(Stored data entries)
== == ==
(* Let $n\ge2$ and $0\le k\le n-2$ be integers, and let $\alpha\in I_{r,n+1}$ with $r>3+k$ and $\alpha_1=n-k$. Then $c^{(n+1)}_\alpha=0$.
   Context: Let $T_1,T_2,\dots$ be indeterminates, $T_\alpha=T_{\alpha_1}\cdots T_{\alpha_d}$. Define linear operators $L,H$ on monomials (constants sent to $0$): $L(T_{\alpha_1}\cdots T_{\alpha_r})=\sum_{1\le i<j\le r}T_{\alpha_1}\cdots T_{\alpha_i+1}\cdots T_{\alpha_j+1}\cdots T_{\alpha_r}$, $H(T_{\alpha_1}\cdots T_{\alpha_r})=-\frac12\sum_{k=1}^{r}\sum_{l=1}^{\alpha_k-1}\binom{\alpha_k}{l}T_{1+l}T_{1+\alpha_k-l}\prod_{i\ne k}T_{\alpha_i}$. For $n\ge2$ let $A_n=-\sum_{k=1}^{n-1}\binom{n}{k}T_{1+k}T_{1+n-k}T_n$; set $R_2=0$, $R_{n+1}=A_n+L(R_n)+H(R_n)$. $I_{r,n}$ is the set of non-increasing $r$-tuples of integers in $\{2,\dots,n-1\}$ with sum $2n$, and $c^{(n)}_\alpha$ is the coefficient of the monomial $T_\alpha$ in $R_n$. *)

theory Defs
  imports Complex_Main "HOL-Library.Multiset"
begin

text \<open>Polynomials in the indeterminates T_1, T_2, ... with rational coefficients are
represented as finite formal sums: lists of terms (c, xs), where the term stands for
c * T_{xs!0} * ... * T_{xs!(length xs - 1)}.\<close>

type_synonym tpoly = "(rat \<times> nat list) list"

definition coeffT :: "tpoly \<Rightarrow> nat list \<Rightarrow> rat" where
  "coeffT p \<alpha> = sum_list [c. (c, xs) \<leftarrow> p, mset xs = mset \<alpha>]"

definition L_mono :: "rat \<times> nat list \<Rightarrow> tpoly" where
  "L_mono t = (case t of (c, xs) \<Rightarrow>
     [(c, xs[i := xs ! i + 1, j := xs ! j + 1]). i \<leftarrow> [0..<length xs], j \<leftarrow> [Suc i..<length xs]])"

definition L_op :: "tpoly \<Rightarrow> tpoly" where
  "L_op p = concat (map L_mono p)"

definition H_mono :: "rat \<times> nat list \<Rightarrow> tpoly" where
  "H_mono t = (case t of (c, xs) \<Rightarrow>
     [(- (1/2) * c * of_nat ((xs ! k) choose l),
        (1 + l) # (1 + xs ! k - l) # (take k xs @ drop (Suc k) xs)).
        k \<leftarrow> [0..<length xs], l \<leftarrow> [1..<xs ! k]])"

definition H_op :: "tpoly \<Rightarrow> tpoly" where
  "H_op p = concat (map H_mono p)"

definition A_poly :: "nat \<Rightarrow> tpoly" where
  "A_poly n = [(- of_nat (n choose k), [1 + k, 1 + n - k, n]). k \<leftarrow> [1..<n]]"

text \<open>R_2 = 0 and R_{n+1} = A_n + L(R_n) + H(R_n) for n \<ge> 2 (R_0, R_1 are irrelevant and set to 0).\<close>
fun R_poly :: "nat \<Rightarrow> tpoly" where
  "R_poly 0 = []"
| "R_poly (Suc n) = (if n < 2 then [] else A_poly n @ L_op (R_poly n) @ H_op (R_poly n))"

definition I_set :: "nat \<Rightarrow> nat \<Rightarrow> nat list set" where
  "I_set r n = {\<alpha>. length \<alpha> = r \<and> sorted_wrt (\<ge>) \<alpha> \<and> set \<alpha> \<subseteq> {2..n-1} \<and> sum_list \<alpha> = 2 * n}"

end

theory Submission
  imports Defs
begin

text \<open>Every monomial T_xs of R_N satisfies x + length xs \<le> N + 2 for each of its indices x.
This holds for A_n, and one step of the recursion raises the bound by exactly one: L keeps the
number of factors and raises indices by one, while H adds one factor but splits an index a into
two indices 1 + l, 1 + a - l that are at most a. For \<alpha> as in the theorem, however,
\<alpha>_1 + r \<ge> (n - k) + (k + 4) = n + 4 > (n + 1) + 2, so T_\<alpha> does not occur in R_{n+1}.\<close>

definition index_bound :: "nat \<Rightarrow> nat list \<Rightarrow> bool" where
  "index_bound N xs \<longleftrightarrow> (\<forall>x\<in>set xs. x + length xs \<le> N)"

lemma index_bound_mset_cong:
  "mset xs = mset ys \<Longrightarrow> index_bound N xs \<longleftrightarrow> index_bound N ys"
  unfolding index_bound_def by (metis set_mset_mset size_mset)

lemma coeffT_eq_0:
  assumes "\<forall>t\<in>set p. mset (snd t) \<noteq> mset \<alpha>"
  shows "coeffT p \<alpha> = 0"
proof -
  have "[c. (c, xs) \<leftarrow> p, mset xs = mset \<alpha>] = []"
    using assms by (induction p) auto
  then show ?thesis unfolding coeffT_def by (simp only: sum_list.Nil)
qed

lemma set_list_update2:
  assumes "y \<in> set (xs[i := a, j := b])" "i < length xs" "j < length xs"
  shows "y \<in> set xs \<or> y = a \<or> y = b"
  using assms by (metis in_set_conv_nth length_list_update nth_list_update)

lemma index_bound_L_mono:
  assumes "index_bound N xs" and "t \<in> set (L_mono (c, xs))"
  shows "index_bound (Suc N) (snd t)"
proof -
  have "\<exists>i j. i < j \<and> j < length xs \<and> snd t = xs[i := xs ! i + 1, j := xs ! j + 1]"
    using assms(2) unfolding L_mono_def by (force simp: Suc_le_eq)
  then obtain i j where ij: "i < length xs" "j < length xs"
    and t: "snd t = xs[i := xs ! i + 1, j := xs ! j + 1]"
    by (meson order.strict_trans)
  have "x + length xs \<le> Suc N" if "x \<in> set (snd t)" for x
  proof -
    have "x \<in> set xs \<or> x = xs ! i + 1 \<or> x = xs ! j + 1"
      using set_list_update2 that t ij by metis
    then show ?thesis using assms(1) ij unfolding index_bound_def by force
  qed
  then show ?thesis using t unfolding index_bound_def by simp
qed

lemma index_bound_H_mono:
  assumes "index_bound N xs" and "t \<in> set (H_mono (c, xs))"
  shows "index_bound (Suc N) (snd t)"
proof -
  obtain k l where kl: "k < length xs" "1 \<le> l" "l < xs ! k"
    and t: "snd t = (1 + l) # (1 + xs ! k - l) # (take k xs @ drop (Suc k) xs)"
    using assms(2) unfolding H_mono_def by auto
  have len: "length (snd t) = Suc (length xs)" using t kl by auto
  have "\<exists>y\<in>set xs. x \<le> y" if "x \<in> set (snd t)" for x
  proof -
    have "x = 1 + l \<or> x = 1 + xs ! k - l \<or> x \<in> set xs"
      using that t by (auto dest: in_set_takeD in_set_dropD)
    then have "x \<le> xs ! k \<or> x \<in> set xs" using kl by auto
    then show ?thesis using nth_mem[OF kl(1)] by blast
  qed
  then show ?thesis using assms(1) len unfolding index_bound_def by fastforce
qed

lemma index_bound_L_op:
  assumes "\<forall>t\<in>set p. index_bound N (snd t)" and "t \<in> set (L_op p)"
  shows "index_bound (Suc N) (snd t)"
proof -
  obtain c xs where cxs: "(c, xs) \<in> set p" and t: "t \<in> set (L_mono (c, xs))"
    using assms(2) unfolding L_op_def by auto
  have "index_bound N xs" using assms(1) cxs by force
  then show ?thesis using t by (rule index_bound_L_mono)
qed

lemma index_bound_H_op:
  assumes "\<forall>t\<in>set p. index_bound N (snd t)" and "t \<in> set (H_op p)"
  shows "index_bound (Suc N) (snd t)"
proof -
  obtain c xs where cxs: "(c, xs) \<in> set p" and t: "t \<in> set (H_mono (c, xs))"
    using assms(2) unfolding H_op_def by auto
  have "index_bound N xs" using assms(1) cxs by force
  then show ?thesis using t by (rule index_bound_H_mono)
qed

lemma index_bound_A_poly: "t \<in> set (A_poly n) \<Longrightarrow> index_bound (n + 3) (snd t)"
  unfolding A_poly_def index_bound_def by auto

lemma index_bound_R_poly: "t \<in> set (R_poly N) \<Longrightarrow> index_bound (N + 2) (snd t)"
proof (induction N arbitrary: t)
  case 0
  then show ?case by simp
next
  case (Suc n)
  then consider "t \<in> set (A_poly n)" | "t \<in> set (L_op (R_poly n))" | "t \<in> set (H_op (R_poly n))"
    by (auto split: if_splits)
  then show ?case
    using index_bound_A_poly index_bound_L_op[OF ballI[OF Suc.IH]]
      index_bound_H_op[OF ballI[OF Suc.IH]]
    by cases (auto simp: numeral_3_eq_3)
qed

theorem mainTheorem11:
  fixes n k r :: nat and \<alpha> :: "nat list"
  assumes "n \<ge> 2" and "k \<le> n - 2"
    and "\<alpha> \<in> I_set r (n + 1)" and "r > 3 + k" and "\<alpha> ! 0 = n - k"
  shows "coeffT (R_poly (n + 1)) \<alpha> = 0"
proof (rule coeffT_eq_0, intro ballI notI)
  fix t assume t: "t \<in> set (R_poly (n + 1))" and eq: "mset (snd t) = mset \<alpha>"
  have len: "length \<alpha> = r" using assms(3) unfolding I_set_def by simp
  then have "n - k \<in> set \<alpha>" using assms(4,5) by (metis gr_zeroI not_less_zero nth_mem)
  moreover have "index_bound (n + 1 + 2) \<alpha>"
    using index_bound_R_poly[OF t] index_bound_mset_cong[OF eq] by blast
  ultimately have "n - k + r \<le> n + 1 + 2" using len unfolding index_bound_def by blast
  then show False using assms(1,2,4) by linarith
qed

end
== == ==
WHAT IS BEING ASKED
Check each line above for the word "open" and copy every line that has it.

ANSWER FOR THE TASK
text \<open>Polynomials in the indeterminates T_1, T_2, ... with rational coefficients are
text \<open>R_2 = 0 and R_{n+1} = A_n + L(R_n) + H(R_n) for n \<ge> 2 (R_0, R_1 are irrelevant and set to 0).\<close>
text \<open>Every monomial T_xs of R_N satisfies x + length xs \<le> N + 2 for each of its indices x.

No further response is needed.